> **WHAT IS REQUIRED**:
Please read the records below and return each line holding the string "Probability".

> **AVAILABLE DATA**:
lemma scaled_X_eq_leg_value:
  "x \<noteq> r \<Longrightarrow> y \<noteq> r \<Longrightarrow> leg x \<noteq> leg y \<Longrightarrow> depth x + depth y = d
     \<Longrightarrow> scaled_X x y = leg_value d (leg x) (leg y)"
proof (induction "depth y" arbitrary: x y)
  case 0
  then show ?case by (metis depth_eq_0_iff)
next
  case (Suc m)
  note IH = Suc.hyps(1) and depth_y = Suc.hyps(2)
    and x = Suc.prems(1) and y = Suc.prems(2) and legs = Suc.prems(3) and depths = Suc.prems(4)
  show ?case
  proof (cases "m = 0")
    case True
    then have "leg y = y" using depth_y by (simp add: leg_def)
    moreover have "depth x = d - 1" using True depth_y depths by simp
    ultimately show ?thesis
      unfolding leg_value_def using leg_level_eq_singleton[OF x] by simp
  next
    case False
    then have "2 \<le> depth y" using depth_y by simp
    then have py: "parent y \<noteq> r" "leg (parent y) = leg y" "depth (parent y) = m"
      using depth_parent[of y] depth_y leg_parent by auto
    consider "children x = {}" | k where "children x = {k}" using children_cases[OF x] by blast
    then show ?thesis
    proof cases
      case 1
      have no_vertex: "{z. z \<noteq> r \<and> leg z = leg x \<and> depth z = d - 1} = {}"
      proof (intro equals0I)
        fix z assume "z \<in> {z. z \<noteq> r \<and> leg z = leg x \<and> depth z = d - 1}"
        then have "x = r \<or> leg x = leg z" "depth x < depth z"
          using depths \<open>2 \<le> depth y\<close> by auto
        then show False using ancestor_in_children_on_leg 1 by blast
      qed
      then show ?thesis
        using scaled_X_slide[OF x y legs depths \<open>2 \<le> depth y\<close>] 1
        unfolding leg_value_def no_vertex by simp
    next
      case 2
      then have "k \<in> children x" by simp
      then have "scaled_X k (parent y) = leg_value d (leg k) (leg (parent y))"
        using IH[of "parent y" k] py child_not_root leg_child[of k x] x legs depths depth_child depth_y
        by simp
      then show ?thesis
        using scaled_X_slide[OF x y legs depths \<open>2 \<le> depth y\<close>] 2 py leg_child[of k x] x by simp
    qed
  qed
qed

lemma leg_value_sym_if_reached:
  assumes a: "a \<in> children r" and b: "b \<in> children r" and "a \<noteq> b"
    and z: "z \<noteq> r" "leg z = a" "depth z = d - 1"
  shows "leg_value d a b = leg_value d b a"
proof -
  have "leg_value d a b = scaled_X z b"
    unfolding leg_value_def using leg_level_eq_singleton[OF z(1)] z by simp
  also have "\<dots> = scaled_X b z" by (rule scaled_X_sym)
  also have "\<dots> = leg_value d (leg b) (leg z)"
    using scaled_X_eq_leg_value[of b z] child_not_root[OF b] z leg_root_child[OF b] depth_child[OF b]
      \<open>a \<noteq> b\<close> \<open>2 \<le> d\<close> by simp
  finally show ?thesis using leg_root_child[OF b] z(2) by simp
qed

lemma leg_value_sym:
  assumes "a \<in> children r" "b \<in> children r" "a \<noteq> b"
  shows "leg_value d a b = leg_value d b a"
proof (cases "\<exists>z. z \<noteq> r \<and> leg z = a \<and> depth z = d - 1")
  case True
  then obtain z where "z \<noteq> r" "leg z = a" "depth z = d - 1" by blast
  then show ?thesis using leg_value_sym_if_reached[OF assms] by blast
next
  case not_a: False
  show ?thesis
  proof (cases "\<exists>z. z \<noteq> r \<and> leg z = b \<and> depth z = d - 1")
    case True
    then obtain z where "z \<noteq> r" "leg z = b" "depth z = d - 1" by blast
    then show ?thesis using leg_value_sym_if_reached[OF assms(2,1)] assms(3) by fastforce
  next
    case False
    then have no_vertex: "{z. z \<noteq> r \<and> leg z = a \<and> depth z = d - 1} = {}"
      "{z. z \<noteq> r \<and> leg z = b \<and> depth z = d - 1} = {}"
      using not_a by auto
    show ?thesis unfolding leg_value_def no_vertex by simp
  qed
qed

* * *

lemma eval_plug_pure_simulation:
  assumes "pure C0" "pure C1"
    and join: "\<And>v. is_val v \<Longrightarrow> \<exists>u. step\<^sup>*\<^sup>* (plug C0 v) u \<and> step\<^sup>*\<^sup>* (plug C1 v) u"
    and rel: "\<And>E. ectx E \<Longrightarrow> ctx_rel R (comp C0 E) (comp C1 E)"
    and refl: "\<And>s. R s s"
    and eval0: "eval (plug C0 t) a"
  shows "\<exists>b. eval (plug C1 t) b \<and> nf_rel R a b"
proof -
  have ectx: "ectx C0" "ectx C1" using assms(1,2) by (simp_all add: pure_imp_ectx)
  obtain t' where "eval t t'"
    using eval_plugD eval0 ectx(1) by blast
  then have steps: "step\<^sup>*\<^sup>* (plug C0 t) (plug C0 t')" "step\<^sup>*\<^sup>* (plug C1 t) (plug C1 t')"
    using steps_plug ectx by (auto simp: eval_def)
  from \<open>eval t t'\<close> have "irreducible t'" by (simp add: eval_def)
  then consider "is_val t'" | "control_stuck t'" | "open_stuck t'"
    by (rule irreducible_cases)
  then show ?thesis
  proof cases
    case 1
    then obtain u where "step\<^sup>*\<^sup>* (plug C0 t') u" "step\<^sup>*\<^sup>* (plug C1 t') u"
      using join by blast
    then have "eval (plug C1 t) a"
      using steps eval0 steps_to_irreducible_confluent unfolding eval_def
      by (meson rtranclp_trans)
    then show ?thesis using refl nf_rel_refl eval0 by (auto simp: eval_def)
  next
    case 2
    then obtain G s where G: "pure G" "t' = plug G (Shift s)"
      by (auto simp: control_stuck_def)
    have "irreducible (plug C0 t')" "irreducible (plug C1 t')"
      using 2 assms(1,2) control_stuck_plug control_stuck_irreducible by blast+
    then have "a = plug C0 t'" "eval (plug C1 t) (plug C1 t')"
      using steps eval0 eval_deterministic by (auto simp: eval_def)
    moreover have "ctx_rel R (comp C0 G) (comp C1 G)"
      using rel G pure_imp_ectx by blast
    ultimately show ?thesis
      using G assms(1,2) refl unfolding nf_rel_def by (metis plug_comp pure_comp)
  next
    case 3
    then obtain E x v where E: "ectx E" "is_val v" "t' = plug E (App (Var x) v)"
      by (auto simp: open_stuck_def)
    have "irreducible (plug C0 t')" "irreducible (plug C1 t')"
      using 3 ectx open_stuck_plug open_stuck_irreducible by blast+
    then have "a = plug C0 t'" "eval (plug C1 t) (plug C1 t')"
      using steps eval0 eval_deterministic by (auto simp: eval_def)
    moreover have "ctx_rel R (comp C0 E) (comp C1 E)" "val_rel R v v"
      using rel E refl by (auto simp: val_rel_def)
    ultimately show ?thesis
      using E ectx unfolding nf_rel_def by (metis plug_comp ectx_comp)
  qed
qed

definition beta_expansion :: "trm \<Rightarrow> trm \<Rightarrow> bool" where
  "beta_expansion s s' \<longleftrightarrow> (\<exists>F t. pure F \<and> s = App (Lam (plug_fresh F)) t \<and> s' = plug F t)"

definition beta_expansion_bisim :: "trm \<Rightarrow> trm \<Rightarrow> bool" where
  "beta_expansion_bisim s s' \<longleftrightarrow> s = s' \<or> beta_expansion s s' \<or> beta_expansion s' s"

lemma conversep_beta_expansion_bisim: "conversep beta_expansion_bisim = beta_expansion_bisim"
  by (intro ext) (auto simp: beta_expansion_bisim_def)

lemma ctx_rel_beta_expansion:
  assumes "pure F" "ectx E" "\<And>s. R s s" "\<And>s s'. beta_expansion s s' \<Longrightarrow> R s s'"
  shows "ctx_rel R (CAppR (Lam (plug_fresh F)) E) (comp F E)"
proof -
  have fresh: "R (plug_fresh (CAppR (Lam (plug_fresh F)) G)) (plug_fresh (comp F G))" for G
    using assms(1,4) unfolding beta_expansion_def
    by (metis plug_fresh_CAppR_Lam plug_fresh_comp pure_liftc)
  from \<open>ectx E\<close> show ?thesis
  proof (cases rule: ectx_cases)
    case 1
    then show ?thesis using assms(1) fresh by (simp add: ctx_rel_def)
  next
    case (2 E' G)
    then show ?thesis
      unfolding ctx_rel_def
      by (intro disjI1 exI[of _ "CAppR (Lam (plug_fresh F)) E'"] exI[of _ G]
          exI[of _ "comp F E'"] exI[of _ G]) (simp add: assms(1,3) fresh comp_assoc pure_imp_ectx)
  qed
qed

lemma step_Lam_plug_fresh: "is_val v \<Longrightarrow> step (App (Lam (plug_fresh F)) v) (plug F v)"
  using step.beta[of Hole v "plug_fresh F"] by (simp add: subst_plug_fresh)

---

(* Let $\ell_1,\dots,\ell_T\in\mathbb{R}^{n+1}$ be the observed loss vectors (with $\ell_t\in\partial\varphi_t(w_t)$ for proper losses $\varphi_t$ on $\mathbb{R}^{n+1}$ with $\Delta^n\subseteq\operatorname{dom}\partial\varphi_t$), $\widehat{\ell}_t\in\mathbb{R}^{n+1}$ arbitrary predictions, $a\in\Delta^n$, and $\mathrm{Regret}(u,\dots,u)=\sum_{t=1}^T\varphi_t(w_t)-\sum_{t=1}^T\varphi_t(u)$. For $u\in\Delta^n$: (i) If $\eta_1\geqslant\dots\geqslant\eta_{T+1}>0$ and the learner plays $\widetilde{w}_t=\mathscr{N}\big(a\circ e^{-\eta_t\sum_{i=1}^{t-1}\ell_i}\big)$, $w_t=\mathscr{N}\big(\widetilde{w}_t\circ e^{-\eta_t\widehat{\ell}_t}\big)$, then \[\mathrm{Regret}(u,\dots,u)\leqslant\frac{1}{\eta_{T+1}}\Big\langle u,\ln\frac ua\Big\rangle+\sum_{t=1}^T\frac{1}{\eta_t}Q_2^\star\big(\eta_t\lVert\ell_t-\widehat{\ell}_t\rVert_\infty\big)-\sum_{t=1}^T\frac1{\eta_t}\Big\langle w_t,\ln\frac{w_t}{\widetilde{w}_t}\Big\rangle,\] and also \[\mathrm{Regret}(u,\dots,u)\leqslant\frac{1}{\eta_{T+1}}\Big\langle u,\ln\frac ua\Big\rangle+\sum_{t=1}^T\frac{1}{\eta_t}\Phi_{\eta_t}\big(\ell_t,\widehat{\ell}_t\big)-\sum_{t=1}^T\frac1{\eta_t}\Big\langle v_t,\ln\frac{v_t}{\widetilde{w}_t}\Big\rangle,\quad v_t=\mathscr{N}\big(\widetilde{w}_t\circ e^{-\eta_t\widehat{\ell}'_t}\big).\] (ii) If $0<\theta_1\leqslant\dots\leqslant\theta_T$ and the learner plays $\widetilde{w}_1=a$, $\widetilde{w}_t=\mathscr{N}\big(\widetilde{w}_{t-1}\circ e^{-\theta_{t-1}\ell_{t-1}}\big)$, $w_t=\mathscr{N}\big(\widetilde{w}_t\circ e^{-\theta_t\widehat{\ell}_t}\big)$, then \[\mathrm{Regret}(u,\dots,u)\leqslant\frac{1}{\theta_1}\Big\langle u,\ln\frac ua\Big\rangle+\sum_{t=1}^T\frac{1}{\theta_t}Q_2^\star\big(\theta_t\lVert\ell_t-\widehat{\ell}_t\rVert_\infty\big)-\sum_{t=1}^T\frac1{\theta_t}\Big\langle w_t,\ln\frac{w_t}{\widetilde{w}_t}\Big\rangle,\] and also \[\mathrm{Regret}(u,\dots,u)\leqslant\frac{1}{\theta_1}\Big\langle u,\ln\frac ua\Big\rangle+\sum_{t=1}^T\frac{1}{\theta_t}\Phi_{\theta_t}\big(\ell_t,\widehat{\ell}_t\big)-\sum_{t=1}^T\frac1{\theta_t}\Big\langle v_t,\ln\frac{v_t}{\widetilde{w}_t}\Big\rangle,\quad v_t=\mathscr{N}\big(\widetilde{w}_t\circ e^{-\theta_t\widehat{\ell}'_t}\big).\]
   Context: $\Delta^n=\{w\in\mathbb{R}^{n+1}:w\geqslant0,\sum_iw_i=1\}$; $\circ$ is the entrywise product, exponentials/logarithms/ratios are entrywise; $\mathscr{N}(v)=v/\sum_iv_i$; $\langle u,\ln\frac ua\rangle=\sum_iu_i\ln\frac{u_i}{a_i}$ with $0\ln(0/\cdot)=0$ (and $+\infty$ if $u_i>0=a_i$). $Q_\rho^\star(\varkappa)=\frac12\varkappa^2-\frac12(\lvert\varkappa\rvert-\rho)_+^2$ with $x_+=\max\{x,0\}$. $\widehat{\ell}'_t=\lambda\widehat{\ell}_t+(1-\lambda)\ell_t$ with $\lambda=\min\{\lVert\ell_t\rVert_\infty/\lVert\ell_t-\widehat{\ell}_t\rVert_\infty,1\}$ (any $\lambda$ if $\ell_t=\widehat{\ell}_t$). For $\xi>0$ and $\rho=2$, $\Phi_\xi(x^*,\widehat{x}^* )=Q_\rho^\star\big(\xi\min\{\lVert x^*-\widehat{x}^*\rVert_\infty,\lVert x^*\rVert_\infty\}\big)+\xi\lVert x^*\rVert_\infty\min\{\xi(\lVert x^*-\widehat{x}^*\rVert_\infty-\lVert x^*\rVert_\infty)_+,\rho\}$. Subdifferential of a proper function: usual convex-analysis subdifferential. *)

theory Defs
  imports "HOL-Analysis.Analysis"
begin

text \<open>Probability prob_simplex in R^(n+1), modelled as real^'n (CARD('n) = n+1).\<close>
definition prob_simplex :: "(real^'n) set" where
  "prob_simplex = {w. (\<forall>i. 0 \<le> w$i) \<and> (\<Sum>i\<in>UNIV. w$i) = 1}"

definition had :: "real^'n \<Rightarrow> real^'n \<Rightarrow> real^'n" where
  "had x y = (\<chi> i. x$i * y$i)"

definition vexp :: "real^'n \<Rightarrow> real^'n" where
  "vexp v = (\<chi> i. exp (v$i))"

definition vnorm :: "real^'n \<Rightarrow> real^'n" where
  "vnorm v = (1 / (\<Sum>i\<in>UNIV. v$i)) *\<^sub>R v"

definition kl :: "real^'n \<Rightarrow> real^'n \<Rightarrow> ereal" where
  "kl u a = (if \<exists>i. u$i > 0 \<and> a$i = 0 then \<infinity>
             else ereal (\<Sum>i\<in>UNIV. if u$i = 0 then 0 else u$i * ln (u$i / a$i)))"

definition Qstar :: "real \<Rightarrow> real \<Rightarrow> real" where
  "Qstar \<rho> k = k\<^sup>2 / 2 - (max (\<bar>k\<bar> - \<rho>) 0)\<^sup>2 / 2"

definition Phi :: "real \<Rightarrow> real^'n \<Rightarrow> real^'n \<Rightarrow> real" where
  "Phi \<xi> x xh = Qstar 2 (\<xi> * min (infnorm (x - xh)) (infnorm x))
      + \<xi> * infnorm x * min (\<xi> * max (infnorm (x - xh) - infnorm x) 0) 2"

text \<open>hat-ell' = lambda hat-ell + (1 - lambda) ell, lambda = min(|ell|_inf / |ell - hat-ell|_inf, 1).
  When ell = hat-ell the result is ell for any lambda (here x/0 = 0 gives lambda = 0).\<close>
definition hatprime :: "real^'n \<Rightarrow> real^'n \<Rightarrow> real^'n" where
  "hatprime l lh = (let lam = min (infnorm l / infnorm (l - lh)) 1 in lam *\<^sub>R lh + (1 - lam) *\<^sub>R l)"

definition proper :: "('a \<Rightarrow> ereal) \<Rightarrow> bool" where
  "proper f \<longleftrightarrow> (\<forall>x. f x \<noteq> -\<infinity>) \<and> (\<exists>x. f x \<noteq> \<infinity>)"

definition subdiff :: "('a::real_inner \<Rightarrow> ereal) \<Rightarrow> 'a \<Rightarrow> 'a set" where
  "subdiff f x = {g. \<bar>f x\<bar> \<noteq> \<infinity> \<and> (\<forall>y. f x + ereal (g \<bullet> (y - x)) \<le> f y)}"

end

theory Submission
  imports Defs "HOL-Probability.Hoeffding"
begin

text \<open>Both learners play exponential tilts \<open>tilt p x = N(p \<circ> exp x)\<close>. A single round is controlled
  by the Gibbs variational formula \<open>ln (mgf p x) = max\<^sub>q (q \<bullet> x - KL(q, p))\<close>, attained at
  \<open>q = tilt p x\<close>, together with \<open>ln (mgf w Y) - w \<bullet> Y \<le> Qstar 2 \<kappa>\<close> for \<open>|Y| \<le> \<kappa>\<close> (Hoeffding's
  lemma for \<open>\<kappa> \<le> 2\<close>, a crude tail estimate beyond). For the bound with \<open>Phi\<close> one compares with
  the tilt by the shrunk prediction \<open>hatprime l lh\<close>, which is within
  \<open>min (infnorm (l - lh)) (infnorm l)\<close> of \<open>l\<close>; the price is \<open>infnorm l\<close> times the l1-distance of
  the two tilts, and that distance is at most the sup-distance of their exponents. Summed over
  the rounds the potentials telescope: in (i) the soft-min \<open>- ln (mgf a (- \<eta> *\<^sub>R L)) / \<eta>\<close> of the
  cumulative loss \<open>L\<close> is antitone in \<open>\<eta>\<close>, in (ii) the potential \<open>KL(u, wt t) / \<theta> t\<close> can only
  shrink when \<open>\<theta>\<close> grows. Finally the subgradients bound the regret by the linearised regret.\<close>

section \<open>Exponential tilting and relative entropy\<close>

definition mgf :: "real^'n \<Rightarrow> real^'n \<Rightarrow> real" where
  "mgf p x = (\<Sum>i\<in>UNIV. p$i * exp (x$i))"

> **ANSWER FOR THE TASK**:
text \<open>Probability prob_simplex in R^(n+1), modelled as real^'n (CARD('n) = n+1).\<close>
  imports Defs "HOL-Probability.Hoeffding"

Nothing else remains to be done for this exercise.